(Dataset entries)
┏━━

(* Let $G$ be a finite group. Then (1) $\mathrm{MinDim}(G)\leq \mathrm{MinInt}(G)$; and (2) $\mathrm{MaxDim}(G)\leq \mathrm{MaxInt}(G)$.
   Context: A subgroup $H$ of a finite group $G$ is a maximal intersection in $G$ if $H=M_1\cap\dots\cap M_t$ for some maximal subgroups $M_1,\dots,M_t$ of $G$ ($t\ge 1$). Let $\mathcal M(G)$ be the poset (under inclusion) consisting of $G$ and all maximal intersections in $G$. A set $\mathcal X$ of maximal subgroups of $G$ is irredundant if the intersection of the members of $\mathcal X$ is not equal to the intersection of the members of any proper subset of $\mathcal X$. $\mathrm{MaxDim}(G)$ is the maximal size of an irredundant set of maximal subgroups of $G$. An irredundant set is maximal irredundant if it is not properly contained in any other irredundant set of maximal subgroups; $\mathrm{MinDim}(G)$ is the minimal size of a maximal irredundant set. An unrefinable chain in $\mathcal M(G)$ is a chain $K_t<K_{t-1}<\dots<K_0$ of elements of $\mathcal M(G)$ to which no further element of $\mathcal M(G)$ can be added (so it runs from the Frattini subgroup $\Phi(G)$ to $G$ with no element of $\mathcal M(G)$ strictly between consecutive terms); its length is $t$. $\mathrm{MinInt}(G)$ and $\mathrm{MaxInt}(G)$ denote the minimal and the maximal length of an unrefinable chain in $\mathcal M(G)$. *)

theory Defs
  imports "HOL-Algebra.Algebra"
begin

definition max_subgroup :: "('a, 'b) monoid_scheme \<Rightarrow> 'a set \<Rightarrow> bool" where
  "max_subgroup G M \<longleftrightarrow> subgroup M G \<and> M \<noteq> carrier G \<and>
     (\<forall>H. subgroup H G \<and> M \<subseteq> H \<longrightarrow> H = M \<or> H = carrier G)"

definition max_subgroups :: "('a, 'b) monoid_scheme \<Rightarrow> 'a set set" where
  "max_subgroups G = {M. max_subgroup G M}"

text \<open>Intersection of a family of subgroups inside G (the empty family gives G).\<close>
definition inter_in :: "('a, 'b) monoid_scheme \<Rightarrow> 'a set set \<Rightarrow> 'a set" where
  "inter_in G S = carrier G \<inter> Inter S"

definition max_intersection :: "('a, 'b) monoid_scheme \<Rightarrow> 'a set \<Rightarrow> bool" where
  "max_intersection G H \<longleftrightarrow>
     (\<exists>S. S \<noteq> {} \<and> finite S \<and> S \<subseteq> max_subgroups G \<and> H = Inter S)"

definition MI :: "('a, 'b) monoid_scheme \<Rightarrow> 'a set set" where
  "MI G = insert (carrier G) {H. max_intersection G H}"

definition irredundant :: "('a, 'b) monoid_scheme \<Rightarrow> 'a set set \<Rightarrow> bool" where
  "irredundant G S \<longleftrightarrow> S \<subseteq> max_subgroups G \<and>
     (\<forall>T. T \<subset> S \<longrightarrow> inter_in G T \<noteq> inter_in G S)"

definition max_irredundant :: "('a, 'b) monoid_scheme \<Rightarrow> 'a set set \<Rightarrow> bool" where
  "max_irredundant G S \<longleftrightarrow> irredundant G S \<and> (\<forall>T. irredundant G T \<and> S \<subseteq> T \<longrightarrow> T = S)"

definition MaxDim :: "('a, 'b) monoid_scheme \<Rightarrow> nat" where
  "MaxDim G = Max {card S | S. irredundant G S}"

definition MinDim :: "('a, 'b) monoid_scheme \<Rightarrow> nat" where
  "MinDim G = Min {card S | S. max_irredundant G S}"

definition MI_chain :: "('a, 'b) monoid_scheme \<Rightarrow> 'a set set \<Rightarrow> bool" where
  "MI_chain G C \<longleftrightarrow> C \<subseteq> MI G \<and> (\<forall>x\<in>C. \<forall>y\<in>C. x \<subseteq> y \<or> y \<subseteq> x)"
lemma cost_glued_le:
  assumes "0 \<le> \<delta>" and small_cells: "\<And>j x y. x \<in> E j \<Longrightarrow> y \<in> E j \<Longrightarrow> dist x y \<le> \<delta>"
  shows "cost glued \<le> cost \<pi>1 + \<delta> + cost \<pi>2"
proof -
  define D where "D = (\<lambda>q::'a \<times> 'a. ennreal (dist (fst q) (snd q)))"
  have [measurable]: "D \<in> borel_measurable M\<Omega>\<Omega>" unfolding D_def by measurable
  have [measurable]: "(\<lambda>p. D (fst p)) \<in> borel_measurable \<pi>\<pi>" "(\<lambda>p. D (snd p)) \<in> borel_measurable \<pi>\<pi>"
    unfolding measurable_\<pi>\<pi>_eq by measurable
  have glue_triangle: "glue_density p * D (outer p)
      \<le> glue_density p * (D (fst p) * 1) + glue_density p * ennreal \<delta> + glue_density p * (1 * D (snd p))" for p
  proof (cases "glue_density p = 0")
    case False
    obtain x y y' z where p: "p = ((x, y), (y', z))" by (metis prod.collapse)
    from False obtain j where "indicator (E j) y * indicator (E j) y' * cell_weight j \<noteq> (0::ennreal)"
      unfolding glue_density_def p by (auto elim: sum.not_neutral_contains_not_neutral)
    then have "dist y y' \<le> \<delta>" by (intro small_cells[of y j y']) (auto simp: indicator_def split: if_splits)
    then have "dist x z \<le> dist x y + \<delta> + dist y' z"
      using dist_triangle[of x z y] dist_triangle[of y z y'] by linarith
    then have "D (outer p) \<le> D (fst p) + ennreal \<delta> + D (snd p)"
      using \<open>0 \<le> \<delta>\<close> by (simp add: p D_def ennreal_plus[symmetric] del: ennreal_plus)
    then show ?thesis by (simp add: distrib_left[symmetric] mult_left_mono)
  qed simp
  have "ennreal (cost glued) = (\<integral>\<^sup>+q. D q \<partial>glued)"
    unfolding D_def by (rule nn_integral_dist_coupling[OF glued_in_couplings, symmetric])
  also have "\<dots> = (\<integral>\<^sup>+p. glue_density p * D (outer p) \<partial>\<pi>\<pi>)" by (simp add: nn_integral_glued)
  also have "\<dots> \<le> (\<integral>\<^sup>+p. glue_density p * (D (fst p) * 1) + glue_density p * ennreal \<delta>
      + glue_density p * (1 * D (snd p)) \<partial>\<pi>\<pi>)"
    by (intro nn_integral_mono glue_triangle)
  also have "\<dots> = (\<integral>\<^sup>+p. glue_density p * (D (fst p) * 1) + glue_density p * ennreal \<delta> \<partial>\<pi>\<pi>)
      + (\<integral>\<^sup>+p. glue_density p * (1 * D (snd p)) \<partial>\<pi>\<pi>)"
    by (rule nn_integral_add) measurable
  also have "(\<integral>\<^sup>+p. glue_density p * (D (fst p) * 1) + glue_density p * ennreal \<delta> \<partial>\<pi>\<pi>)
      = (\<integral>\<^sup>+p. glue_density p * (D (fst p) * 1) \<partial>\<pi>\<pi>) + ennreal \<delta>"
    by (subst nn_integral_add) (measurable, simp add: nn_integral_multc nn_integral_glue_density)
  also have "(\<integral>\<^sup>+p. glue_density p * (D (fst p) * 1) \<partial>\<pi>\<pi>) + ennreal \<delta>
      + (\<integral>\<^sup>+p. glue_density p * (1 * D (snd p)) \<partial>\<pi>\<pi>)
      \<le> (\<integral>\<^sup>+q. D q \<partial>\<pi>1) + ennreal \<delta> + (\<integral>\<^sup>+q. D q \<partial>\<pi>2)"
    by (intro add_mono nn_integral_glue_density_fst_le nn_integral_glue_density_snd_le) simp_all
  also have "\<dots> = ennreal (cost \<pi>1 + \<delta> + cost \<pi>2)"
    using \<open>0 \<le> \<delta>\<close> cost_nonneg unfolding D_def
    by (simp add: nn_integral_dist_coupling[OF c1] nn_integral_dist_coupling[OF c2] ennreal_plus)
  finally show ?thesis
    using ennreal_le_iff[of "cost \<pi>1 + \<delta> + cost \<pi>2" "cost glued"] \<open>0 \<le> \<delta>\<close> cost_nonneg by simp
qed

end

context compact_domain begin
(* Let $p>1$, $\frac1p+\frac1q=1$, $\sigma\in\mathbb{R}$, and let $h\geq0$ be measurable on $(0,\infty)$ with $k^{(1)}(\sigma):=\int_0^1 h(t)t^{\sigma-1}dt\in\mathbb{R}_+=(0,\infty)$. If $f,g\geq0$ are measurable on $(0,\infty)$ with $$0<\int_0^\infty x^{p(1-\sigma)-1}f^p(x)\,dx<\infty,\qquad 0<\int_0^\infty y^{q(1-\sigma)-1}g^q(y)\,dy<\infty,$$ then the following equivalent inequalities hold: $$\int_0^\infty\left(\int_0^{1/y}h(xy)f(x)dx\right)g(y)dy=\int_0^\infty\left(\int_0^{1/x}h(xy)g(y)dy\right)f(x)dx<k^{(1)}(\sigma)\left[\int_0^\infty x^{p(1-\sigma)-1}f^p(x)dx\right]^{\frac1p}\left[\int_0^\infty y^{q(1-\sigma)-1}g^q(y)dy\right]^{\frac1q},$$ $$\int_0^\infty y^{p\sigma-1}\left(\int_0^{1/y}h(xy)f(x)\,dx\right)^pdy<(k^{(1)}(\sigma))^p\int_0^\infty x^{p(1-\sigma)-1}f^p(x)\,dx,$$ where the constant factors $k^{(1)}(\sigma)$ and $(k^{(1)}(\sigma))^p$ are the best possible.
   Context: A constant factor $C$ in an inequality "LHS $<C\cdot$RHS" (required for all admissible $f,g$) is best possible if no positive constant $k<C$ makes the inequality valid for all admissible $f,g$. Two inequalities are equivalent if each can be derived from the other. *)

theory Defs
  imports "HOL-Analysis.Analysis"
begin

text \<open>Real power of an extended nonnegative real (intended for exponent r > 0):
  infinity stays infinity.\<close>
definition epowr :: "ennreal \<Rightarrow> real \<Rightarrow> ennreal" where
  "epowr x r = (if x = \<infinity> then \<infinity> else ennreal (enn2real x powr r))"

definition wint :: "real \<Rightarrow> real \<Rightarrow> (real \<Rightarrow> real) \<Rightarrow> ennreal" where
  "wint e \<sigma> f = (\<integral>\<^sup>+ x\<in>{0<..}. ennreal (x powr (e * (1 - \<sigma>) - 1) * f x powr e) \<partial>lborel)"

definition admissible :: "real \<Rightarrow> real \<Rightarrow> (real \<Rightarrow> real) \<Rightarrow> bool" where
  "admissible e \<sigma> f \<longleftrightarrow> set_borel_measurable lborel {0<..} f \<and> (\<forall>x>0. 0 \<le> f x)
     \<and> 0 < wint e \<sigma> f \<and> wint e \<sigma> f < \<infinity>"

definition inner_int :: "(real \<Rightarrow> real) \<Rightarrow> (real \<Rightarrow> real) \<Rightarrow> real \<Rightarrow> ennreal" where
  "inner_int h f y = (\<integral>\<^sup>+ x\<in>{0<..<1/y}. ennreal (h (x * y) * f x) \<partial>lborel)"

definition k1 :: "(real \<Rightarrow> real) \<Rightarrow> real \<Rightarrow> ennreal" where
  "k1 h \<sigma> = (\<integral>\<^sup>+ t\<in>{0<..<1}. ennreal (h t * t powr (\<sigma> - 1)) \<partial>lborel)"

end

theory Submission
  imports Defs
begin

text \<open>
  Substituting \<open>x = e^u\<close>, \<open>y = e^v\<close> turns \<open>h(xy)\<close> into a kernel \<open>K(u + v)\<close>, where
  \<open>K(w) = h(e^w) e^(\<sigma> w)\<close> for \<open>w < 0\<close> and \<open>0\<close> otherwise, so that \<open>\<integral>K = k1(\<sigma>)\<close>;
  the weighted norms of \<open>f\<close> and \<open>g\<close> become the plain \<open>L^p\<close> and \<open>L^q\<close> norms of
  \<open>F(u) = f(e^u) e^((1 - \<sigma>) u)\<close> and of \<open>G\<close>. The bilinear form becomes \<open>\<integral> K (F * G)\<close>,
  and Hoelder bounds the convolution \<open>F * G\<close> pointwise by \<open>|F|_p |G|_q\<close>. Equality would
  force \<open>F(w - v)^p\<close> to be proportional to \<open>G(v)^q\<close> for almost every \<open>v\<close> at two different
  points \<open>w\<close>; then \<open>F^p\<close> is periodic and integrable, hence zero, so the inequality is strict.
  The power inequality follows by testing the bilinear one against \<open>H^(p - 1)\<close>, where \<open>H\<close> is
  the inner integral. For the constants, \<open>f(x) = x^(\<sigma> - 1 + \<epsilon>/p)\<close> on \<open>(0, 1]\<close> and
  \<open>g(y) = y^(\<sigma> - 1 - \<epsilon>/q)\<close> on \<open>[1, \<infinity>)\<close> both have weighted norm \<open>1/\<epsilon>\<close>, the bilinear
  form equals \<open>k1(\<sigma> + \<epsilon>/p) / \<epsilon>\<close>, and \<open>k1(\<sigma> + \<epsilon>/p) \<rightarrow> k1(\<sigma>)\<close> by monotone convergence.
\<close>

section \<open>Young and Hoelder inequalities\<close>

lemma conjugate_exponent_gt_1:
  fixes p q :: real
  assumes "p > 1" "1/p + 1/q = 1"
  shows "q > 1"
proof -
  have "1/q = 1 - 1/p" using assms(2) by simp
  moreover have "0 < 1 - 1/p" "1 - 1/p < 1" using assms(1) by (auto simp: field_simps)
  ultimately show ?thesis by (smt (verit) divide_less_eq_1 zero_less_divide_1_iff)
qed

lemma weighted_AM_GM_strict:
  fixes x y t :: real
  assumes "x > 0" "y > 0" "0 < t" "t < 1" "x \<noteq> y"
  shows "x powr t * y powr (1 - t) < t * x + (1 - t) * y"
proof -
  have sqrt_powr: "sqrt z powr s = z powr (s/2)" if "z > 0" for z s :: real
    using that by (simp add: powr_half_sqrt[symmetric] powr_powr)
  have "x powr t * y powr (1 - t) = (sqrt x powr t * sqrt y powr (1 - t))\<^sup>2"
    using assms by (simp add: sqrt_powr power_mult_distrib powr_power diff_divide_distrib)
  also have "\<dots> \<le> (t * sqrt x + (1 - t) * sqrt y)\<^sup>2"
    using Youngs_inequality_0[of t "1 - t" "sqrt x" "sqrt y"] assms by (intro power_mono) auto
  also have "\<dots> = t * x + (1 - t) * y - t * (1 - t) * (sqrt x - sqrt y)\<^sup>2"
    using assms by (simp add: power2_eq_square algebra_simps)
  also have "\<dots> < t * x + (1 - t) * y"
    using assms by simp
  finally show ?thesis .
qed

lemma Youngs_inequality_strict:
  fixes a b p q :: real
  assumes pq: "p > 1" "1/p + 1/q = 1" and "a \<ge> 0" "b \<ge> 0" "a powr p \<noteq> b powr q"
  shows "a * b < a powr p / p + b powr q / q"
proof (cases "a = 0 \<or> b = 0")
  case True
  with assms conjugate_exponent_gt_1[OF pq] show ?thesis by auto
next
  case False
  with assms have "(a powr p) powr (1/p) * (b powr q) powr (1 - 1/p) < (1/p) * a powr p + (1 - 1/p) * b powr q"
    by (intro weighted_AM_GM_strict) auto
  moreover have "1 - 1/p = 1/q" using pq(2) by simp
  ultimately show ?thesis
    using False assms conjugate_exponent_gt_1[OF pq] by (simp add: powr_powr)
qed

lemma Youngs_inequality_scaled:
  fixes a b p q A B :: real
  assumes pq: "p > 1" "1/p + 1/q = 1" and ab: "a \<ge> 0" "b \<ge> 0" and AB: "A > 0" "B > 0"
  defines "Y \<equiv> A powr (1/p) * B powr (1/q) * (a powr p / (p * A) + b powr q / (q * B))"
  shows "a * b \<le> Y" and "a * b = Y \<Longrightarrow> a powr p / A = b powr q / B"
proof -
  have q: "q > 1" using conjugate_exponent_gt_1[OF pq] .
  define \<alpha> where "\<alpha> = A powr (1/p)"
  define \<beta> where "\<beta> = B powr (1/q)"
  have \<alpha>\<beta>: "\<alpha> > 0" "\<beta> > 0" using AB by (auto simp: \<alpha>_def \<beta>_def)
  have a_scaled: "(a / \<alpha>) powr p = a powr p / A" and b_scaled: "(b / \<beta>) powr q = b powr q / B"
    using pq q AB ab by (simp_all add: \<alpha>_def \<beta>_def powr_divide powr_powr)
  have prod: "a * b = \<alpha> * \<beta> * ((a / \<alpha>) * (b / \<beta>))" using \<alpha>\<beta> by simp
  have Y: "Y = \<alpha> * \<beta> * ((a / \<alpha>) powr p / p + (b / \<beta>) powr q / q)"
    unfolding Y_def \<alpha>_def[symmetric] \<beta>_def[symmetric] by (simp add: a_scaled b_scaled mult_ac)
  have "(a / \<alpha>) * (b / \<beta>) \<le> (a / \<alpha>) powr p / p + (b / \<beta>) powr q / q"
    using \<alpha>\<beta> ab by (intro Youngs_inequality[OF pq(1) q pq(2)]) auto
  then show "a * b \<le> Y"
    unfolding prod Y using \<alpha>\<beta> by (intro mult_left_mono) auto
  show "a powr p / A = b powr q / B" if "a * b = Y"
  proof (rule ccontr)
    assume "a powr p / A \<noteq> b powr q / B"
    then have "(a / \<alpha>) * (b / \<beta>) < (a / \<alpha>) powr p / p + (b / \<beta>) powr q / q"
      using \<alpha>\<beta> ab by (intro Youngs_inequality_strict[OF pq]) (auto simp: a_scaled b_scaled)
    then show False using that \<alpha>\<beta> unfolding prod Y by simp
  qed
qed

lemma Young_majorant:
  fixes a b :: "'a \<Rightarrow> real" and p q A B :: real
  assumes pq: "p > 1" "1/p + 1/q = 1"
    and [measurable]: "a \<in> borel_measurable M" "b \<in> borel_measurable M"
    and a_nonneg: "\<And>x. a x \<ge> 0" and b_nonneg: "\<And>x. b x \<ge> 0"
    and A: "(\<integral>\<^sup>+x. ennreal (a x powr p) \<partial>M) = ennreal A" "A > 0"
    and B: "(\<integral>\<^sup>+x. ennreal (b x powr q) \<partial>M) = ennreal B" "B > 0"
  obtains Y where "Y \<in> borel_measurable M"
    "(\<integral>\<^sup>+x. ennreal (Y x) \<partial>M) = ennreal (A powr (1/p) * B powr (1/q))"
    "\<And>x. a x * b x \<le> Y x"
    "\<And>x. a x * b x = Y x \<Longrightarrow> a x powr p / A = b x powr q / B"
proof
  have q: "q > 1" using conjugate_exponent_gt_1[OF pq] .
  define c where "c = A powr (1/p) * B powr (1/q)"
  have c: "c > 0" using A B by (simp add: c_def)
  define Y where "Y x = c * (a x powr p / (p * A) + b x powr q / (q * B))" for x
  show "Y \<in> borel_measurable M" unfolding Y_def by measurable
  show "a x * b x \<le> Y x" "a x * b x = Y x \<Longrightarrow> a x powr p / A = b x powr q / B" for x
    unfolding Y_def c_def using Youngs_inequality_scaled[OF pq a_nonneg b_nonneg A(2) B(2)] by auto
  have "ennreal (Y x) = ennreal (c / (p * A)) * ennreal (a x powr p) + ennreal (c / (q * B)) * ennreal (b x powr q)" for x
  proof -
    have "Y x = c / (p * A) * a x powr p + c / (q * B) * b x powr q"
      by (simp add: Y_def distrib_left)
    also have "ennreal \<dots> = ennreal (c / (p * A)) * ennreal (a x powr p) + ennreal (c / (q * B)) * ennreal (b x powr q)"
      using c pq q A B
      by (simp only: ennreal_mult ennreal_plus divide_nonneg_pos mult_nonneg_nonneg powr_ge_zero
          mult_pos_pos less_imp_le zero_less_one order_less_trans)
    finally show ?thesis .
  qed
  then have "(\<integral>\<^sup>+x. ennreal (Y x) \<partial>M) = ennreal (c / (p * A)) * ennreal A + ennreal (c / (q * B)) * ennreal B"
    by (simp add: nn_integral_add nn_integral_cmult A B)
  also have "\<dots> = ennreal (c * (1/p + 1/q))"
    using c pq q A B by (simp add: field_simps flip: ennreal_mult ennreal_plus)
  finally show "(\<integral>\<^sup>+x. ennreal (Y x) \<partial>M) = ennreal (A powr (1/p) * B powr (1/q))"
    using pq by (simp add: c_def)
qed

lemma nn_integral_eq_imp_AE_eq:
  fixes f g :: "'a \<Rightarrow> ennreal"
  assumes [measurable]: "f \<in> borel_measurable M" "g \<in> borel_measurable M"
    and le: "AE x in M. f x \<le> g x" and eq: "(\<integral>\<^sup>+x. f x \<partial>M) = (\<integral>\<^sup>+x. g x \<partial>M)"
    and fin: "(\<integral>\<^sup>+x. g x \<partial>M) < \<infinity>"
  shows "AE x in M. f x = g x"
proof -
  have "(\<integral>\<^sup>+x. g x - f x \<partial>M) = (\<integral>\<^sup>+x. g x \<partial>M) - (\<integral>\<^sup>+x. f x \<partial>M)"
    using le eq fin by (intro nn_integral_diff) auto
  also have "\<dots> = 0" using eq fin by (simp add: diff_eq_0_iff_ennreal)
  finally have "AE x in M. g x - f x = 0" by (subst (asm) nn_integral_0_iff_AE) auto
  with le show ?thesis by eventually_elim (auto simp: ennreal_minus_eq_0 intro: antisym)
qed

┗━━

◆ **Assignment**:
Copy exactly the stretch of data above from the line with "0 \<le> f x)" through the line with "f \<and> wint", and omit all other lines.

◆ **Output**:
  "admissible e \<sigma> f \<longleftrightarrow> set_borel_measurable lborel {0<..} f \<and> (\<forall>x>0. 0 \<le> f x)
     \<and> 0 < wint e \<sigma> f \<and> wint e \<sigma> f < \<infinity>"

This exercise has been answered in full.